Of course, there are already satellites in orbit that provide Internet access, but using drones is likely to be cheaper. Last year, it was reported that Google might spend $1–3 billion on satellites to bring Internet access to unconnected parts of the world. At that time, it was stated that there might be 180 of these satellites, but that was before it was known that Google would choose solar power drones to do the same work.
Google’s goal is to help hundreds of millions of people come online because access to information can improve their lives. Google has also worked on a project using hot-air balloons, Google Loon, to provide Internet connectivity to the same target audiences. One Google Loon test balloon was able to remain airborne for 187 days consecutively and during that period it circled the planet 9 times.

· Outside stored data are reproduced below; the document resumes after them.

(* In the setting described in the context, suppose that the matrix $J$ satisfies $\sup_{|i-j|\le R}|J_{i,j}|<\infty$ for every $R\ge0$. Then for every $\ell\ge0$, \[ \lim_{n\to\infty}\Big|\int_{\mathbb{R}}x^\ell\,d\nu_n(x)-\int_{\mathbb{R}}x^\ell\,d\eta_n(x)\Big|=0, \] and consequently $\lim_{n\to\infty}\big|\int f\,d\nu_n-\int f\,d\eta_n\big|=0$ for every polynomial $f\in\mathbb{R}[x]$.
   Context: Let $r\ge1$ and let $\mu_1,\dots,\mu_r$ be positive Borel measures on $\mathbb{R}$ with all moments finite, forming a perfect system: for every $\vec n\in\mathbb{N}_0^r$ there is a monic polynomial $P_{\vec n}$ of degree $|\vec n|=n_1+\dots+n_r$ with $\int x^kP_{\vec n}\,d\mu_j=0$ for $0\le k\le n_j-1$, $1\le j\le r$. Type I polynomials $A_{\vec n}=(A_{\vec n,1},\dots,A_{\vec n,r})$: $\deg A_{\vec n,j}\le n_j-1$, $\sum_j\int x^kA_{\vec n,j}\,d\mu_j=0$ for $0\le k\le|\vec n|-2$, and $=1$ for $k=|\vec n|-1$. Let $\mu$ be a positive measure with $\mu_j\ll\mu$, $w_j=d\mu_j/d\mu$, $Q_{\vec n}=\sum_jA_{\vec n,j}w_j$. Fix a path $(\vec n_\ell)_{\ell\ge0}$ with $|\vec n_\ell|=\ell$, $\vec n_{\ell+1}=\vec n_\ell+\vec e_{i_\ell}$ ($\vec e_j$ the $j$-th unit vector), and set $p_\ell=P_{\vec n_\ell}$, $q_\ell=Q_{\vec n_{\ell+1}}$, so that $\int p_\ell q_{\ell'}\,d\mu=\delta_{\ell,\ell'}$. The Christoffel--Darboux kernel is $K_n(x,y)=\sum_{j=0}^{n-1}p_j(x)q_j(y)$. Define $\nu_n=\frac1n\sum_{y:\,p_n(y)=0}\delta_y$ (zeros counted with multiplicity) and the signed measure $d\eta_n(x)=\frac1nK_n(x,x)\,d\mu(x)$. The matrix $J=[J_{\ell,k}]_{\ell,k\ge0}$ is defined by $xp_\ell=\sum_{k=0}^{\ell+1}J_{\ell,k}p_k$, $J_{\ell,k}=0$ for $k>\ell+1$. *)

theory Defs
  imports "HOL-Analysis.Analysis" "HOL-Computational_Algebra.Polynomial"
begin

text \<open>Multi-indices are functions nat \<Rightarrow> nat; only the components j < r matter.
  Components are 0-based: j = 0, ..., r-1.\<close>

definition mindex_size :: "nat \<Rightarrow> (nat \<Rightarrow> nat) \<Rightarrow> nat" where
  "mindex_size r n = (\<Sum>j<r. n j)"

definition mop_cond :: "(nat \<Rightarrow> real measure) \<Rightarrow> nat \<Rightarrow> (nat \<Rightarrow> nat) \<Rightarrow> real poly \<Rightarrow> bool" where
  "mop_cond \<mu>s r n p \<longleftrightarrow> lead_coeff p = 1 \<and> degree p = mindex_size r n \<and>
     (\<forall>j<r. \<forall>k<n j. (\<integral>x. x ^ k * poly p x \<partial>\<mu>s j) = 0)"

definition perfect_system :: "(nat \<Rightarrow> real measure) \<Rightarrow> nat \<Rightarrow> bool" where
  "perfect_system \<mu>s r \<longleftrightarrow> (\<forall>n. \<exists>!p. mop_cond \<mu>s r n p)"

definition mop :: "(nat \<Rightarrow> real measure) \<Rightarrow> nat \<Rightarrow> (nat \<Rightarrow> nat) \<Rightarrow> real poly" where
  "mop \<mu>s r n = (THE p. mop_cond \<mu>s r n p)"

text \<open>Type I condition (components j \<ge> r are set to 0 for definiteness).\<close>
definition typeI_cond :: "(nat \<Rightarrow> real measure) \<Rightarrow> nat \<Rightarrow> (nat \<Rightarrow> nat) \<Rightarrow> (nat \<Rightarrow> real poly) \<Rightarrow> bool" where
  "typeI_cond \<mu>s r n A \<longleftrightarrow>
     (\<forall>j<r. if n j = 0 then A j = 0 else degree (A j) < n j) \<and>
     (\<forall>j\<ge>r. A j = 0) \<and>
     (\<forall>k<mindex_size r n. (\<Sum>j<r. \<integral>x. x ^ k * poly (A j) x \<partial>\<mu>s j)
        = (if k = mindex_size r n - 1 then 1 else 0))"

definition typeI :: "(nat \<Rightarrow> real measure) \<Rightarrow> nat \<Rightarrow> (nat \<Rightarrow> nat) \<Rightarrow> nat \<Rightarrow> real poly" where
  "typeI \<mu>s r n = (THE A. typeI_cond \<mu>s r n A)"

text \<open>The path: n_l = sum over k<l of e_(i k), i.e. n_0 = 0 and n_(l+1) = n_l + e_(i l).\<close>
definition path_idx :: "(nat \<Rightarrow> nat) \<Rightarrow> nat \<Rightarrow> nat \<Rightarrow> nat" where
  "path_idx i l = (\<lambda>j. card {k. k < l \<and> i k = j})"

definition pth :: "(nat \<Rightarrow> real measure) \<Rightarrow> nat \<Rightarrow> (nat \<Rightarrow> nat) \<Rightarrow> nat \<Rightarrow> real poly" where
  "pth \<mu>s r i l = mop \<mu>s r (path_idx i l)"

definition qth :: "(nat \<Rightarrow> real measure) \<Rightarrow> nat \<Rightarrow> (nat \<Rightarrow> nat) \<Rightarrow> (nat \<Rightarrow> real \<Rightarrow> real)
    \<Rightarrow> nat \<Rightarrow> real \<Rightarrow> real" where
  "qth \<mu>s r i w l x = (\<Sum>j<r. poly (typeI \<mu>s r (path_idx i (Suc l)) j) x * w j x)"

definition CD_kernel :: "(nat \<Rightarrow> real measure) \<Rightarrow> nat \<Rightarrow> (nat \<Rightarrow> nat) \<Rightarrow> (nat \<Rightarrow> real \<Rightarrow> real)
    \<Rightarrow> nat \<Rightarrow> real \<Rightarrow> real \<Rightarrow> real" where
  "CD_kernel \<mu>s r i w n x y = (\<Sum>k<n. poly (pth \<mu>s r i k) x * qth \<mu>s r i w k y)"

definition Jmat :: "(nat \<Rightarrow> real measure) \<Rightarrow> nat \<Rightarrow> (nat \<Rightarrow> nat) \<Rightarrow> nat \<Rightarrow> nat \<Rightarrow> real" where
  "Jmat \<mu>s r i l = (THE c. (\<forall>k>Suc l. c k = 0) \<and>
      [:0, 1:] * pth \<mu>s r i l = (\<Sum>k\<le>Suc l. smult (c k) (pth \<mu>s r i k)))"

text \<open>Integral of a real polynomial f against the normalized zero counting measure nu_n of p_n
  (zeros taken in the complex plane, counted with multiplicity).\<close>
definition nu_int :: "(nat \<Rightarrow> real measure) \<Rightarrow> nat \<Rightarrow> (nat \<Rightarrow> nat) \<Rightarrow> nat \<Rightarrow> real poly \<Rightarrow> complex" where
  "nu_int \<mu>s r i n f =
     (\<Sum>z\<in>{z. poly (map_poly complex_of_real (pth \<mu>s r i n)) z = 0}.
        of_nat (order z (map_poly complex_of_real (pth \<mu>s r i n))) *
        poly (map_poly complex_of_real f) z) / of_nat n"

definition eta_int :: "real measure \<Rightarrow> (nat \<Rightarrow> real measure) \<Rightarrow> nat \<Rightarrow> (nat \<Rightarrow> nat)
    \<Rightarrow> (nat \<Rightarrow> real \<Rightarrow> real) \<Rightarrow> nat \<Rightarrow> real poly \<Rightarrow> real" where
  "eta_int \<mu> \<mu>s r i w n f = (\<integral>x. poly f x * CD_kernel \<mu>s r i w n x x \<partial>\<mu>) / real n"

end

theory Submission
  imports Defs "HOL-Computational_Algebra.Fundamental_Theorem_Algebra"
begin

text \<open>Both integrals are normalized traces of multiplication by \<open>f\<close>.
  The sum of \<open>f\<close> over the zeros of \<open>p\<^sub>n\<close> is the trace of multiplication by \<open>f\<close> on
  \<open>\<real>[x]/(p\<^sub>n)\<close>; in the basis \<open>p\<^sub>0, \<dots>, p\<^sub>n\<^sub>-\<^sub>1\<close> this is the trace of \<open>f(J\<^sub>n)\<close>, where
  \<open>J\<^sub>n\<close> is the \<open>n \<times> n\<close> truncation of \<open>J\<close>. By biorthogonality of \<open>(p\<^sub>k)\<close> and \<open>(q\<^sub>k)\<close>,
  \<open>\<integral> f K\<^sub>n(x,x) d\<mu>\<close> is the sum of the first \<open>n\<close> diagonal entries of \<open>f(J)\<close>.
  The \<open>k\<close>-th diagonal entries of \<open>f(J\<^sub>n)\<close> and \<open>f(J)\<close> agree as soon as \<open>k + deg f < n\<close>,
  and all of them are bounded in terms of the bounds on the bands of \<open>J\<close>, because \<open>J\<close> is lower
  Hessenberg. Hence the two traces differ by \<open>O(deg f)\<close>, and the normalized ones by \<open>O(deg f / n)\<close>.\<close>

definition degree_lt :: "'a::zero poly \<Rightarrow> nat \<Rightarrow> bool" where
  "degree_lt f n \<longleftrightarrow> (\<forall>k\<ge>n. coeff f k = 0)"

lemma degree_lt_iff: "degree_lt f n \<longleftrightarrow> f = 0 \<or> degree f < n"
proof
  assume "degree_lt f n"
  then show "f = 0 \<or> degree f < n"
    unfolding degree_lt_def using leading_coeff_0_iff[of f] not_less by blast
next
  assume "f = 0 \<or> degree f < n"
  then show "degree_lt f n" unfolding degree_lt_def by (auto intro: coeff_eq_0)
qed

lemma degree_lt_mod:
  assumes "degree_lt f n" "g \<noteq> 0"
  shows "degree_lt (f mod g) n"
  using assms degree_mod_less[OF assms(2), of f] mod_poly_less[of f g]
  by (auto simp: degree_lt_iff not_less)

lemma degree_lt_mod_degree: "p \<noteq> 0 \<Longrightarrow> degree_lt (f mod p) (degree p)"
  using degree_mod_less[of p f] by (auto simp: degree_lt_iff)

lemma smult_sum_right: "smult c (\<Sum>x\<in>A. f x) = (\<Sum>x\<in>A. smult c (f x))"
  by (induction A rule: infinite_finite_induct) (auto simp: smult_add_right)

lemma monom_1_Suc_mult: "monom (1::'a::comm_semiring_1) (Suc s) * h = monom 1 s * ([:0, 1:] * h)"
  by (simp add: mult_monom[symmetric] monom_Suc monom_0 mult.assoc)

lemma poly_eq_sum_monom:
  fixes h :: "'a::comm_semiring_1 poly"
  assumes "degree_lt h m"
  shows "h = (\<Sum>t<m. smult (coeff h t) (monom 1 t))"
proof (rule poly_eqI)
  fix n
  have "coeff (\<Sum>t<m. smult (coeff h t) (monom 1 t)) n = (\<Sum>t<m. if t = n then coeff h t else 0)"
    unfolding coeff_sum by (intro sum.cong) auto
  then show "coeff h n = coeff (\<Sum>t<m. smult (coeff h t) (monom 1 t)) n"
    using assms by (auto simp: degree_lt_def)
qed

lemma mult_eq_sum_monom_mult:
  fixes f g :: "'a::comm_semiring_1 poly"
  shows "f * g = (\<Sum>t<Suc (degree f). smult (coeff f t) (monom 1 t * g))"
proof -
  have "f = (\<Sum>t<Suc (degree f). smult (coeff f t) (monom 1 t))"
    by (rule poly_eq_sum_monom) (simp add: degree_lt_iff)
  then have "f * g = (\<Sum>t<Suc (degree f). smult (coeff f t) (monom 1 t)) * g"
    by (rule arg_cong[where f = "\<lambda>x. x * g"])
  then show ?thesis by (simp only: sum_distrib_right mult_smult_left)
qed

lemma mult_sum_smult_mod:
  "(g * (\<Sum>j\<in>A. smult (a j) (h j))) mod p = (\<Sum>j\<in>A. smult (a j) ((g * h j) mod p))"
  by (induction A rule: infinite_finite_induct) (simp_all add: distrib_left poly_mod_add_left mod_smult_left)

lemma sum_smult_mod: "(\<Sum>j\<in>A. smult (a j) (h j)) mod p = (\<Sum>j\<in>A. smult (a j) (h j mod p))"
  using mult_sum_smult_mod[of 1 a h A p] by simp

section \<open>Coordinates with respect to a monic basis\<close>

definition monic_basis :: "(nat \<Rightarrow> 'a::field poly) \<Rightarrow> bool" where
  "monic_basis b \<longleftrightarrow> (\<forall>k. degree (b k) = k \<and> lead_coeff (b k) = 1)"

lemma coeff_monic_basis_self: "monic_basis b \<Longrightarrow> coeff (b k) k = 1"
  unfolding monic_basis_def by metis

lemma coeff_monic_basis_above: "monic_basis b \<Longrightarrow> k < m \<Longrightarrow> coeff (b k) m = 0"
  unfolding monic_basis_def by (metis coeff_eq_0)

lemma monic_basis_spans:
  assumes b: "monic_basis b" and "degree_lt f n"
  shows "\<exists>a. f = (\<Sum>k<n. smult (a k) (b k))"
  using assms(2)
proof (induction n arbitrary: f)
  case 0
  then show ?case by (simp add: degree_lt_def poly_eq_iff)
next
  case (Suc n)
  have "degree_lt (f - smult (coeff f n) (b n)) n"
    unfolding degree_lt_def
  proof (intro allI impI)
    fix k assume "n \<le> k"
    then show "coeff (f - smult (coeff f n) (b n)) k = 0"
      using Suc.prems coeff_monic_basis_self[OF b, of n] coeff_monic_basis_above[OF b, of n k]
      by (cases "k = n") (auto simp: degree_lt_def)
  qed
  then obtain a where "f - smult (coeff f n) (b n) = (\<Sum>k<n. smult (a k) (b k))"
    using Suc.IH by blast
  then have "f = (\<Sum>k<Suc n. smult ((a(n := coeff f n)) k) (b k))"
    by (simp add: algebra_simps)
  then show ?case by blast
qed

So, why does Google want to engage in such projects that don’t appear to have a clear path to profits? The answer is a single word: purpose. Having a noble purpose — something that contributes to the greater good — can be a guiding principle for an entire organization. “Google was founded with the mission of ‘organizing the world’s information and making it universally accessible and useful.’ It was a simple statement that gave form and function to everything the company decided to pursue. While still technically the mission (though perhaps one they’ve succeeded in achieving), the more recent iteration would be (and I paraphrase) ‘to create technology that improves people’s lives.’ Though no longer a startup, mission continues to motivate employees. When employees at Google arrive at work each day, they have a shared purpose and that brings clarity and inspiration to all they pursue.”
It sounds like something a charity would do, but some companies that define and adhere to such a purpose can do very well and do good in the world at the same time.